Saturday, January 4, 2014

The Duck Commander Drake Whistle

This is Cutter looking over his shoulder as I'm trying to take a picture of him...he was watching a mallard as it flew by us from behind me...
 
I thought it was the last weekend for ducks and next weekend was the late season for geese. As it turns out, ducks will be open next weekend as well. Who knows what the weather will do but this storm has brought a ton of ducks to the river.
 
It's been a weird season for sure. Early on we had a cold snap and the river was packed full of ducks but over Christmas, the temps rose into the forties and some of the small water opened back up. The ducks left but they didn't go far. Even some of the early ducks stuck it out.
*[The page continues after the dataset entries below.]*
(* Let $G$ be a finite simple graph with $n>2$ vertices. Then $\mathrm{mur}(G)=1$ if and only if $G$ or $\overline{G}$ is isomorphic to either $K_r\cup K_s$ for positive integers $r,s$ with $r+s=n$ (so $r+s>2$), or $K_r\cup\overline{K_s}$ for integers $r,s$ with $r+s=n$ and $1<r<n$.
   Context: For a finite simple undirected graph $G$ on vertices $v_1,\dots,v_n$, let $A_G$ be its $(0,1)$-adjacency matrix, $D_G=\mathrm{diag}(d_1,\dots,d_n)$ with $d_i$ the degree of $v_i$, $I$ the $n\times n$ identity matrix and $J$ the $n\times n$ all-ones matrix. A universal adjacency matrix of $G$ is any matrix $\alpha A_G+\beta I+\gamma J+\delta D_G$ with real scalars $\alpha,\beta,\gamma,\delta$ and $\alpha\neq 0$. The minimum universal rank $\mathrm{mur}(G)$ is the minimum rank over all universal adjacency matrices of $G$. $\overline{G}$ denotes the complement of $G$; $K_r\cup K_s$ and $K_r\cup\overline{K_s}$ denote vertex-disjoint unions, where $\overline{K_s}$ is the edgeless graph on $s$ vertices. *)

theory Defs
  imports "HOL-Analysis.Analysis"
begin

definition simple_graph :: "('n::finite \<Rightarrow> 'n \<Rightarrow> bool) \<Rightarrow> bool" where
  "simple_graph E \<longleftrightarrow> (\<forall>x y. E x y \<longrightarrow> E y x) \<and> (\<forall>x. \<not> E x x)"

definition graph_compl :: "('n \<Rightarrow> 'n \<Rightarrow> bool) \<Rightarrow> 'n \<Rightarrow> 'n \<Rightarrow> bool" where
  "graph_compl E x y \<longleftrightarrow> x \<noteq> y \<and> \<not> E x y"

definition degree :: "('n::finite \<Rightarrow> 'n \<Rightarrow> bool) \<Rightarrow> 'n \<Rightarrow> nat" where
  "degree E v = card {w. E v w}"

definition adj_matrix :: "('n::finite \<Rightarrow> 'n \<Rightarrow> bool) \<Rightarrow> real^'n^'n" where
  "adj_matrix E = (\<chi> i j. if E i j then 1 else 0)"

definition deg_matrix :: "('n::finite \<Rightarrow> 'n \<Rightarrow> bool) \<Rightarrow> real^'n^'n" where
  "deg_matrix E = (\<chi> i j. if i = j then real (degree E i) else 0)"

definition ones_matrix :: "real^'n^'n" where
  "ones_matrix = (\<chi> i j. 1)"

definition universal_adj :: "('n::finite \<Rightarrow> 'n \<Rightarrow> bool) \<Rightarrow> real \<Rightarrow> real \<Rightarrow> real \<Rightarrow> real \<Rightarrow> real^'n^'n" where
  "universal_adj E \<alpha> \<beta> \<gamma> \<delta> =
     \<alpha> *\<^sub>R adj_matrix E + \<beta> *\<^sub>R mat 1 + \<gamma> *\<^sub>R ones_matrix + \<delta> *\<^sub>R deg_matrix E"

definition mur :: "('n::finite \<Rightarrow> 'n \<Rightarrow> bool) \<Rightarrow> nat" where
  "mur E = (LEAST k. \<exists>\<alpha> \<beta> \<gamma> \<delta>. \<alpha> \<noteq> 0 \<and> rank (universal_adj E \<alpha> \<beta> \<gamma> \<delta>) = k)"

definition iso_to :: "('n::finite \<Rightarrow> 'n \<Rightarrow> bool) \<Rightarrow> (nat \<Rightarrow> nat \<Rightarrow> bool) \<Rightarrow> nat \<Rightarrow> bool" where
  "iso_to E H m \<longleftrightarrow> (\<exists>f. bij_betw f (UNIV :: 'n set) {0..<m} \<and> (\<forall>x y. E x y \<longleftrightarrow> H (f x) (f y)))"

text \<open>K_r \<union> K_s on vertices {0..<r+s}: first r vertices form one clique, the rest the other.\<close>
definition K_union_K :: "nat \<Rightarrow> nat \<Rightarrow> nat \<Rightarrow> nat \<Rightarrow> bool" where
  "K_union_K r s i j \<longleftrightarrow> i < r + s \<and> j < r + s \<and> i \<noteq> j \<and> (i < r \<longleftrightarrow> j < r)"

definition K_union_E :: "nat \<Rightarrow> nat \<Rightarrow> nat \<Rightarrow> nat \<Rightarrow> bool" where
  "K_union_E r s i j \<longleftrightarrow> i < r \<and> j < r \<and> i \<noteq> j"

end

theory Submission
  imports Defs
begin

text \<open>A rank-one universal adjacency matrix is symmetric, hence of the form \<open>l v v\<^sup>T\<close>. Off the
  diagonal its entries are \<open>\<alpha>[x ~ y] + \<gamma>\<close>, so the products \<open>v\<^sub>x v\<^sub>y\<close> (\<open>x \<noteq> y\<close>) take one value on
  edges and another on non-edges. A vector with this property either takes at most two values or
  vanishes outside two coordinates, so adjacency depends only on the sides of a bipartition on which
  the two endpoints lie; up to complementation this leaves exactly two cliques, or one clique plus
  isolated vertices. Conversely \<open>2A + 2I - J = u u\<^sup>T\<close> with \<open>u = \<plusminus>1\<close> in the first case and
  \<open>A + D / (r - 1) = u u\<^sup>T\<close> with \<open>u\<close> the indicator of the \<open>r\<close>-clique in the second. A graph and its
  complement have the same universal adjacency matrices, and rank 0 occurs exactly for empty and
  complete graphs; this is where \<open>n > 2\<close> enters, as \<open>K\<^sub>1 \<union> K\<^sub>1\<close> is edgeless.\<close>

lemma two_le_card_iff:
  fixes S :: "'a::finite set"
  shows "2 \<le> card S \<longleftrightarrow> (\<exists>x\<in>S. \<exists>y\<in>S. x \<noteq> y)"
proof -
  have "2 \<le> card S \<longleftrightarrow> \<not> card S \<le> Suc 0" by linarith
  then show ?thesis using card_le_Suc0_iff_eq[OF finite[of S]] by blast
qed

lemma card_less_CARD_iff: "card (S :: 'n::finite set) < CARD('n) \<longleftrightarrow> S \<noteq> UNIV"
  using psubset_card_mono[of UNIV S] by auto

section \<open>Rank-one matrices\<close>

lemma rank_eq_1_imp_outer:
  fixes A :: "real^'n^'m"
  assumes "rank A = 1"
  obtains c u where "\<And>i j. A$i$j = c i * u$j"
proof -
  obtain B where B: "B \<subseteq> rows A" "independent B" "rows A \<subseteq> span B" "card B = dim (rows A)"
    using basis_exists[of "rows A"] by blast
  then obtain u where u: "B = {u}"
    using assms card_1_singletonE[of B] B(4) row_rank_def[of A] by metis
  have "\<exists>k. A$i = k *\<^sub>R u" for i
  proof -
    have "A$i \<in> rows A" by (auto simp: rows_def row_def)
    then have "A$i \<in> span {u}" using B(3) u by blast
    then show ?thesis by (auto simp: span_singleton)
  qed
  then obtain c where "\<And>i. A$i = c i *\<^sub>R u" by metis
  then show ?thesis using that by auto
qed
(* Let $p,q$ be odd primes with $q-p=2$, and let $D=D_1\cdots D_n$ with $D_1,\dots,D_n$ distinct primes, $2\nmid D$, $p\nmid D$, $q\nmid D$. Let $E=E_-:y^2=x(x-pD)(x-qD)$. (A$_1$) $2\in S^{(\varphi)}(E/\mathbb{Q})$ iff $p\equiv7\pmod8$ and $D_i\equiv1,7\pmod8$ for all $1\le i\le n$. (A$_2$) $-2\in S^{(\varphi)}(E/\mathbb{Q})$ iff $p\equiv1\pmod8$ and $D_i\equiv1,3\pmod8$ for all $1\le i\le n$. (B$_1$) For each $1\le i\le n$: $D_i\in S^{(\varphi)}(E/\mathbb{Q})$ iff $D_i\equiv1\pmod4$ and $(\frac{D_j}{D_i})=(\frac{p}{D_i})=(\frac{q}{D_i})=1$ for all $1\le j\le n$, $j\ne i$. (B$_2$) For each $1\le i\le n$: $-D_i\in S^{(\varphi)}(E/\mathbb{Q})$ iff $D_i\equiv3\pmod4$ and $(\frac{D_j}{D_i})=(\frac{p}{D_i})=(\frac{q}{D_i})=1$ for all $1\le j\le n$, $j\ne i$.
   Context: $(\frac{\cdot}{\cdot})$ is the Legendre symbol. $\varphi:E\to E'$, $E':y^2=x^3+2(p+q)Dx^2+4D^2x$, is the $2$-isogeny $(x,y)\mapsto(y^2/x^2,\ y(pqD^2-x^2)/x^2)$. With $S=\{\infty,2,p,q,D_1,\dots,D_n\}$ and $\mathbb{Q}(S,2)=\langle -1,2,p,q,D_1,\dots,D_n\rangle\subset\mathbb{Q}^\star/\mathbb{Q}^{\star2}$, $S^{(\varphi)}(E/\mathbb{Q})$ is the set of $d\in\mathbb{Q}(S,2)$ (squarefree representatives) such that $C_d: dw^2=d^2+2(p+q)Ddz^2+4D^2z^4$ has a $\mathbb{Q}_v$-point for all $v\in S$. *)

theory Defs
  imports "HOL-Number_Theory.Number_Theory" "HOL-Computational_Algebra.Squarefree"
begin

text \<open>The quartic C_d : d w^2 = d^2 + 2(p+q) D d z^2 + 4 D^2 z^4, written in weighted
 homogeneous coordinates (T : Z : W) of weights (1,1,2):
   d W^2 = d^2 T^4 + 2(p+q) D d Z^2 T^2 + 4 D^2 Z^4.\<close>

definition Cd_form :: "'a::comm_ring_1 \<Rightarrow> 'a \<Rightarrow> 'a \<Rightarrow> 'a \<Rightarrow> 'a \<Rightarrow> 'a \<Rightarrow> 'a \<Rightarrow> 'a" where
  "Cd_form p q D d T Z W =
     d * W^2 - (d^2 * T^4 + 2 * (p + q) * D * d * Z^2 * T^2 + 4 * D^2 * Z^4)"

definition Cd_real_point :: "int \<Rightarrow> int \<Rightarrow> int \<Rightarrow> int \<Rightarrow> bool" where
  "Cd_real_point p q D d \<longleftrightarrow>
     (\<exists>T Z W :: real. (T, Z) \<noteq> (0, 0) \<and>
        Cd_form (of_int p) (of_int q) (of_int D) (of_int d) T Z W = 0)"

text \<open>By compactness of Z_l, a primitive Z_l-solution
 (T,Z not both divisible by l; then W is automatically l-integral since d is squarefree)
 exists iff the equation is solvable modulo l^k with such a primitive solution for every k.\<close>
definition Cd_local_point :: "int \<Rightarrow> int \<Rightarrow> int \<Rightarrow> int \<Rightarrow> int \<Rightarrow> bool" where
  "Cd_local_point l p q D d \<longleftrightarrow>
     (\<forall>k::nat. \<exists>T Z W :: int. \<not> (l dvd T \<and> l dvd Z) \<and>
        [Cd_form p q D d T Z W = 0] (mod l ^ k))"

text \<open>S = {\<infinity>, 2, p, q, D_1, ..., D_n}; Q(S,2) represented by squarefree integers whose
 prime divisors lie in S.\<close>
definition finite_S :: "int \<Rightarrow> int \<Rightarrow> int list \<Rightarrow> int set" where
  "finite_S p q Ds = {2, p, q} \<union> set Ds"

definition QS2 :: "int \<Rightarrow> int \<Rightarrow> int list \<Rightarrow> int set" where
  "QS2 p q Ds = {d. d \<noteq> 0 \<and> squarefree d \<and>
                   (\<forall>l. prime l \<and> l dvd d \<longrightarrow> l \<in> finite_S p q Ds)}"

definition selmer_phi :: "int \<Rightarrow> int \<Rightarrow> int list \<Rightarrow> int set" where
  "selmer_phi p q Ds = {d \<in> QS2 p q Ds.
      Cd_real_point p q (prod_list Ds) d \<and>
      (\<forall>l \<in> finite_S p q Ds. Cd_local_point l p q (prod_list Ds) d)}"

end

(* Every class d in question is 2 e or e r with e = +1 or -1 and r a prime of D, so C_d has a real
   point, and at an odd place l of S not dividing d a primitive l-adic point exists iff (d/l) = 1:
   sufficiency by Hensel's lemma at (T : Z) = (1 : 0), necessity because l divides exactly one of
   D and (p+q)^2 - 4 = 4pq, and only once, so a primitive point reduces to d W^2 = square mod l.
   At l = r dividing d, with p = a^2, q = b^2 and D/r = -e c^2 in Z_r, the point
   (c(a - b) : 1 : 0) lies on C_d because q - p = 2; reciprocity turns the conditions
   (e r/l) = 1 into (l/r) = 1 once e r = 1 mod 4. At 2 a primitive point modulo 2^6 forces
   d = 1 mod 4 for odd d, and for d = 2e the congruence 16 | e(1 + D^2) + (p+q)D - 2, which is
   also sufficient by lifting W at (1 : 1 : 2V). *)

theory Submission
  imports Defs
begin

lemma prime_odd_gt_2:
  fixes l :: int
  assumes "prime l" "odd l"
  shows "l > 2"
  using prime_ge_2_int[OF assms(1)] assms(2) by (cases "l = 2") auto

lemma odd_prime_not_dvd_power_two:
  fixes l :: int
  assumes "prime l" "odd l"
  shows "\<not> l dvd 2 ^ n"
proof
  assume "l dvd 2 ^ n"
  then have "l dvd 2" using assms(1) prime_dvd_power by blast
  then show False using zdvd_imp_le[of l 2] prime_odd_gt_2[OF assms] by simp
qed

lemma prime_not_dvd_prime:
  fixes l r :: int
  assumes "prime l" "prime r" "l \<noteq> r"
  shows "\<not> l dvd r"
  using primes_dvd_imp_eq[OF assms(1,2)] assms(3) by blast

lemma prod_list_remove1:
  fixes xs :: "'a::comm_monoid_mult list"
  assumes "x \<in> set xs"
  shows "prod_list xs = x * prod_list (remove1 x xs)"
  using assms by (induction xs) (auto simp: ac_simps)

lemma prime_dvd_prod_list_iff:
  fixes p :: "'a::factorial_semiring"
  assumes "prime p"
  shows "p dvd prod_list xs \<longleftrightarrow> (\<exists>x\<in>set xs. p dvd x)"
  using prime_dvd_prod_mset_iff[OF assms, of "mset xs"] by (simp add: prod_mset_prod_list Bex_def)

lemma prod_list_pos:
  fixes xs :: "'a::linordered_semidom list"
  assumes "\<forall>x\<in>set xs. x > 0"
  shows "prod_list xs > 0"
  using assms by (induction xs) auto

lemma distinct_ball_other_conv_nth:
  assumes "distinct xs" "i < length xs"
  shows "(\<forall>x\<in>set xs. x \<noteq> xs ! i \<longrightarrow> P x) \<longleftrightarrow> (\<forall>j<length xs. j \<noteq> i \<longrightarrow> P (xs ! j))"
  using assms by (auto simp: in_set_conv_nth) (metis nth_mem nth_eq_iff_index_eq)

lemma prod_list_mod_in:
  fixes xs :: "int list" and n :: int
  assumes "1 mod n \<in> M" "\<And>a b. a \<in> M \<Longrightarrow> b \<in> M \<Longrightarrow> (a*b) mod n \<in> M"
    and "\<forall>x\<in>set xs. x mod n \<in> M"
  shows "prod_list xs mod n \<in> M"
  using assms(3)
proof (induction xs)
  case (Cons x xs)
  then show ?case using assms(2)[of "x mod n" "prod_list xs mod n"] by (simp add: mod_mult_eq)
qed (use assms(1) in simp)

lemma eight_dvd_odd_square_minus_one:
  fixes x :: int
  assumes "odd x"
  shows "8 dvd x^2 - 1"
proof -
  obtain k where k: "x = 2*k + 1" using assms by (meson oddE)
  have "even (k*(k+1))" by simp
  then obtain j where j: "k*(k+1) = 2*j" by blast
  have "x^2 - 1 = 4*(k*(k+1))" unfolding k by (simp add: power2_eq_square algebra_simps)
  then show ?thesis unfolding j by simp
qed
lemma measurable_comp_PiM_UNIV:
  "(\<lambda>h. h \<circ> g) \<in> (\<Pi>\<^sub>M k\<in>UNIV. N) \<rightarrow>\<^sub>M (\<Pi>\<^sub>M k\<in>UNIV. N)"
proof -
  have "(\<lambda>h. \<lambda>k\<in>UNIV. h (g k)) \<in> (\<Pi>\<^sub>M k\<in>UNIV. N) \<rightarrow>\<^sub>M (\<Pi>\<^sub>M k\<in>UNIV. N)"
    by (intro measurable_restrict measurable_component_singleton) auto
  then show ?thesis by (simp add: comp_def restrict_UNIV)
qed

(* SINR of station a + 1 of one technology as a function of its distance sequence r and fading
   sequence h, both indexed from 0. *)
definition sinr_of :: "real \<Rightarrow> real \<Rightarrow> (real \<Rightarrow> real) \<Rightarrow> nat \<Rightarrow> (nat \<Rightarrow> real) \<Rightarrow> (nat \<Rightarrow> real) \<Rightarrow> ennreal" where
  "sinr_of Q N0 l a r h = ennreal (Q * h a * l (r a)) /
     (ennreal N0 + (\<Sum>k. if k = a then 0 else ennreal (Q * h k * l (r k))))"

lemma measurable_sinr_of [measurable]:
  assumes [measurable]: "l \<in> borel_measurable borel"
    and [measurable]: "r \<in> M \<rightarrow>\<^sub>M (\<Pi>\<^sub>M k\<in>UNIV. borel)" "h \<in> M \<rightarrow>\<^sub>M (\<Pi>\<^sub>M k\<in>UNIV. borel)"
  shows "(\<lambda>x. sinr_of Q N0 l a (r x) (h x)) \<in> borel_measurable M"
  unfolding sinr_of_def by measurable

lemma sinr_of_transpose_le:
  assumes h: "\<And>k. 0 \<le> h k" and Q: "0 < Q" and l: "l (r a) \<le> l (r 0)"
  shows "sinr_of Q N0 l a r (h \<circ> Transposition.transpose 0 a) \<le> sinr_of Q N0 l 0 r h"
proof (cases "a = 0")
  case True
  then show ?thesis by simp
next
  case False
  define c where "c k = ennreal (Q * h k * l (r k))" for k
  define R where "R = (\<Sum>k. if k = 0 \<or> k = a then 0 else c k)"
  have "(\<Sum>k. if k = a then 0 else ennreal (Q * (h \<circ> Transposition.transpose 0 a) k * l (r k)))
      = ennreal (Q * h a * l (r 0)) + R"
  proof (subst suminf_ennreal_pick[where b = 0])
    have "(\<lambda>k. if k = 0 then 0 else if k = a then 0
            else ennreal (Q * (h \<circ> Transposition.transpose 0 a) k * l (r k)))
        = (\<lambda>k. if k = 0 \<or> k = a then 0 else c k)"
      by (auto simp: c_def fun_eq_iff)
    then show "(if 0 = a then 0 else ennreal (Q * (h \<circ> Transposition.transpose 0 a) 0 * l (r 0))) +
        (\<Sum>k. if k = 0 then 0 else if k = a then 0
          else ennreal (Q * (h \<circ> Transposition.transpose 0 a) k * l (r k)))
        = ennreal (Q * h a * l (r 0)) + R"
      using False by (simp add: R_def)
  qed
  moreover have "(\<Sum>k. if k = 0 then 0 else c k) = c a + R"
  proof (subst suminf_ennreal_pick[where b = a])
    have "(\<lambda>k. if k = a then 0 else if k = 0 then 0 else c k) = (\<lambda>k. if k = 0 \<or> k = a then 0 else c k)"
      by (auto simp: fun_eq_iff)
    then show "(if a = 0 then 0 else c a) + (\<Sum>k. if k = a then 0 else if k = 0 then 0 else c k) = c a + R"
      using False by (simp add: R_def)
  qed
  moreover have "c a \<le> ennreal (Q * h a * l (r 0))"
    unfolding c_def using h[of a] Q l by (intro ennreal_leI mult_left_mono) auto
  moreover have "ennreal (Q * h 0 * l (r a)) \<le> ennreal (Q * h 0 * l (r 0))"
    using h[of 0] Q l by (intro ennreal_leI mult_left_mono) auto
  ultimately show ?thesis
    unfolding sinr_of_def c_def[symmetric] using False
    by (intro divide_mono_ennreal) (simp_all add: add.assoc add_mono)
qed

(* The points of all technologies as a single random element; it generates point_sigma M T X. *)
definition point_config :: "nat \<Rightarrow> (nat \<Rightarrow> nat \<Rightarrow> 'a \<Rightarrow> real^2) \<Rightarrow> 'a \<Rightarrow> nat \<times> nat \<Rightarrow> real^2" where
  "point_config T X \<omega> = (\<lambda>ak\<in>{..<T} \<times> {1..}. X (fst ak) (snd ak) \<omega>)"

definition fading_seq :: "(nat \<Rightarrow> nat \<Rightarrow> 'a \<Rightarrow> real) \<Rightarrow> nat \<Rightarrow> 'a \<Rightarrow> nat \<Rightarrow> real" where
  "fading_seq H i \<omega> k = H i (Suc k) \<omega>"

definition distances :: "nat \<Rightarrow> (nat \<times> nat \<Rightarrow> real^2) \<Rightarrow> nat \<Rightarrow> real" where
  "distances i z k = norm (z (i, Suc k))"

lemma point_config_apply:
  "a < T \<Longrightarrow> 1 \<le> k \<Longrightarrow> point_config T X \<omega> (a, k) = X a k \<omega>"
  unfolding point_config_def by simp

lemma sinr_Suc_eq_sinr_of:
  assumes "i < T"
  shows "sinr P N0 l H X i (Suc a) \<omega>
    = sinr_of (P i) (N0 i) (l i) a (distances i (point_config T X \<omega>)) (fading_seq H i \<omega>)"
proof -
  have "distances i (point_config T X \<omega>) k = norm (X i (Suc k) \<omega>)" for k
    using assms by (simp add: distances_def point_config_apply)
  then show ?thesis unfolding sinr_def sinr_of_def fading_seq_def by (simp only: nat.inject)
qed

lemma measurable_point_config:
  assumes "\<And>a k. a < T \<Longrightarrow> 1 \<le> k \<Longrightarrow> X a k \<in> borel_measurable M"
  shows "point_config T X \<in> M \<rightarrow>\<^sub>M (\<Pi>\<^sub>M ak\<in>{..<T} \<times> {1..}. borel)"
  unfolding point_config_def using assms by (intro measurable_restrict) auto

lemma measurable_fading_seq_reindex:
  assumes "\<And>k. H i (Suc (g k)) \<in> borel_measurable M"
  shows "(\<lambda>\<omega>. fading_seq H i \<omega> \<circ> g) \<in> M \<rightarrow>\<^sub>M (\<Pi>\<^sub>M k\<in>UNIV. borel)"
proof -
  have "(\<lambda>\<omega>. \<lambda>k\<in>UNIV. H i (Suc (g k)) \<omega>) \<in> M \<rightarrow>\<^sub>M (\<Pi>\<^sub>M k\<in>UNIV. borel)"
    using assms by (intro measurable_restrict) auto
  then show ?thesis by (simp add: fading_seq_def comp_def restrict_UNIV)
qed

lemma measurable_distances:
  assumes "i < T"
  shows "distances i \<in> (\<Pi>\<^sub>M ak\<in>{..<T} \<times> {1..}. borel) \<rightarrow>\<^sub>M (\<Pi>\<^sub>M k\<in>UNIV. borel)"
proof -
  have "(\<lambda>z. norm (z (i, Suc k))) \<in> borel_measurable (\<Pi>\<^sub>M ak\<in>{..<T} \<times> {1..}. borel)" for k
    using measurable_component_singleton[of "(i, Suc k)" "{..<T} \<times> {1..}" "\<lambda>_. borel"] assms
    by (intro measurable_compose[OF _ borel_measurable_norm]) auto
  then have "(\<lambda>z. \<lambda>k\<in>UNIV. norm (z (i, Suc k))) \<in> (\<Pi>\<^sub>M ak\<in>{..<T} \<times> {1..}. borel) \<rightarrow>\<^sub>M (\<Pi>\<^sub>M k\<in>UNIV. borel)"
    by (intro measurable_restrict)
  then show ?thesis by (simp add: distances_def[abs_def] restrict_UNIV)
qed
(* Let $f:\mathbb H\to\mathbb C$ be continuous. Suppose that for every closed rectangle $R=[a,b]\times[c,d]\subset\mathbb H$ (with $0<a<b$, $c<d$) we have $$\int_{\partial R} f(r,\theta)\,e^{i\theta}\,(dr+ir\,d\theta)=0,$$ where $\partial R$ is the boundary of $R$ traversed once. Then $f$ is polar-analytic on $\mathbb H$.
   Context: $\mathbb H:=\{(r,\theta): r>0,\ \theta\in\mathbb R\}$. A function $f:\mathbb H\to\mathbb C$ is called polar-analytic on $\mathbb H$ if for every $(r_0,\theta_0)\in\mathbb H$ the limit $$(D_{\rm pol}f)(r_0,\theta_0):=\lim_{(r,\theta)\to(r_0,\theta_0)}\frac{f(r,\theta)-f(r_0,\theta_0)}{re^{i\theta}-r_0e^{i\theta_0}}$$ exists (with $re^{i\theta}\neq r_0e^{i\theta_0}$), independently of how $(r,\theta)$ approaches $(r_0,\theta_0)$ within $\mathbb H$. For a piecewise $C^1$ curve $t\mapsto(r(t),\theta(t))$, $t\in[\alpha,\beta]$, the line integral means $\int_\alpha^\beta f(r(t),\theta(t))e^{i\theta(t)}\big(r'(t)+ir(t)\theta'(t)\big)\,dt$. *)

theory Defs
  imports "HOL-Analysis.Analysis"
begin

definition polar_H :: "(real \<times> real) set" where
  "polar_H = {p. fst p > 0}"

definition polar_pt :: "real \<times> real \<Rightarrow> complex" where
  "polar_pt p = complex_of_real (fst p) * cis (snd p)"

definition polar_analytic :: "(real \<times> real \<Rightarrow> complex) \<Rightarrow> bool" where
  "polar_analytic f \<longleftrightarrow>
     (\<forall>p0\<in>polar_H. \<exists>L. ((\<lambda>p. (f p - f p0) / (polar_pt p - polar_pt p0)) \<longlongrightarrow> L)
        (at p0 within {p\<in>polar_H. polar_pt p \<noteq> polar_pt p0}))"

definition polar_line_integral ::
  "(real \<times> real \<Rightarrow> complex) \<Rightarrow> (real \<Rightarrow> real) \<Rightarrow> (real \<Rightarrow> real) \<Rightarrow> real \<Rightarrow> real \<Rightarrow> complex" where
  "polar_line_integral f r th \<alpha> \<beta> =
     integral {\<alpha>..\<beta>} (\<lambda>t. f (r t, th t) * cis (th t) *
        (complex_of_real (deriv r t) + \<i> * complex_of_real (r t * deriv th t)))"

definition polar_rect_boundary_integral ::
  "(real \<times> real \<Rightarrow> complex) \<Rightarrow> real \<Rightarrow> real \<Rightarrow> real \<Rightarrow> real \<Rightarrow> complex" where
  "polar_rect_boundary_integral f a b c d =
      polar_line_integral f (\<lambda>t. a + t * (b - a)) (\<lambda>t. c) 0 1
    + polar_line_integral f (\<lambda>t. b) (\<lambda>t. c + t * (d - c)) 0 1
    + polar_line_integral f (\<lambda>t. b + t * (a - b)) (\<lambda>t. d) 0 1
    + polar_line_integral f (\<lambda>t. a) (\<lambda>t. d + t * (c - d)) 0 1"

end

theory Submission
  imports Defs "HOL-Complex_Analysis.Complex_Analysis"
begin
In fact, I've shot two gadwalls in the past couple days and missed a chance at a pintail. But that's up in Wolf Creek and further south, it would appear that everything was locked up and the birds were already gone. Not so much...
 
Late in the season, ducks get pretty fricken smart and they don't want to come to a call and if your decs have any snow on them or if they're sitting still in stagnant water forget it; they'll flare before they get anywhere near shotgun range.
 
We have a running joke out here that involves the Duck Commander drake whistle. We pull it out when nothing's happening or when we can't get a duck to even take a look and blow it and say, "All right, get ready. Something's going to happen..." Then if anything comes in, in the next hour we attribute it to the whistle. We owe that to John Arnold because a few years ago he said it was the only call you needed and once we bought one we would throw every other call out. The truth is, I've never called a duck in with it and I thought John was full of crap until tonight.
 
I winged a drake early this afternoon and Cutter chased it across the river. As he swam after it, the drake kept quacking but it was more of a whistle than a quack. It was a short note that carried a very long ways. Whenever I've heard the Duck Commander whistle, it was done with a long "dureeeeeeb," type of sound starting low and opening up at the end. In fact, if you read the directions on the package, that's how they tell you to use it. So I started making really short whistles staying with the same kind of attack but more like, "dreep, dreep, dreep...." I switched back and forth to my traditional call but much quieter and very sparingly.
 
HUGE difference. I never did get a duck to actually land in the decs but they were definitely taking plenty of looks and giving me plenty of opportunities. Some actually landed just behind me or just down river if I didn't get a shot, which ended up allowing me to put the sneak on them and jump them.
 
Cutter and I wound up getting five tonight and we never did get the one he had chased across the river. He gave it his best but that drake's webbed feet were a little better this time than Cutter's. It's the first duck he hasn't been able to retrieve all season and given the fact that he's retrieved a number of cripples that floated down river from other hunters, plus the few that have dove on him that he waits out and eventually gets, I'd say that he's done an amazing job being only 2 years old.
 
I also missed PLENTY this evening as usual so I would say the action was pretty stellar. I probably won't be throwing all my calls away but I definitely have a better appreciation for the whistle.
 
Keep 'em where they live...

1 comment:

  1. I just read this post...sounds like a third grader wrote it. I should do a better job proof reading.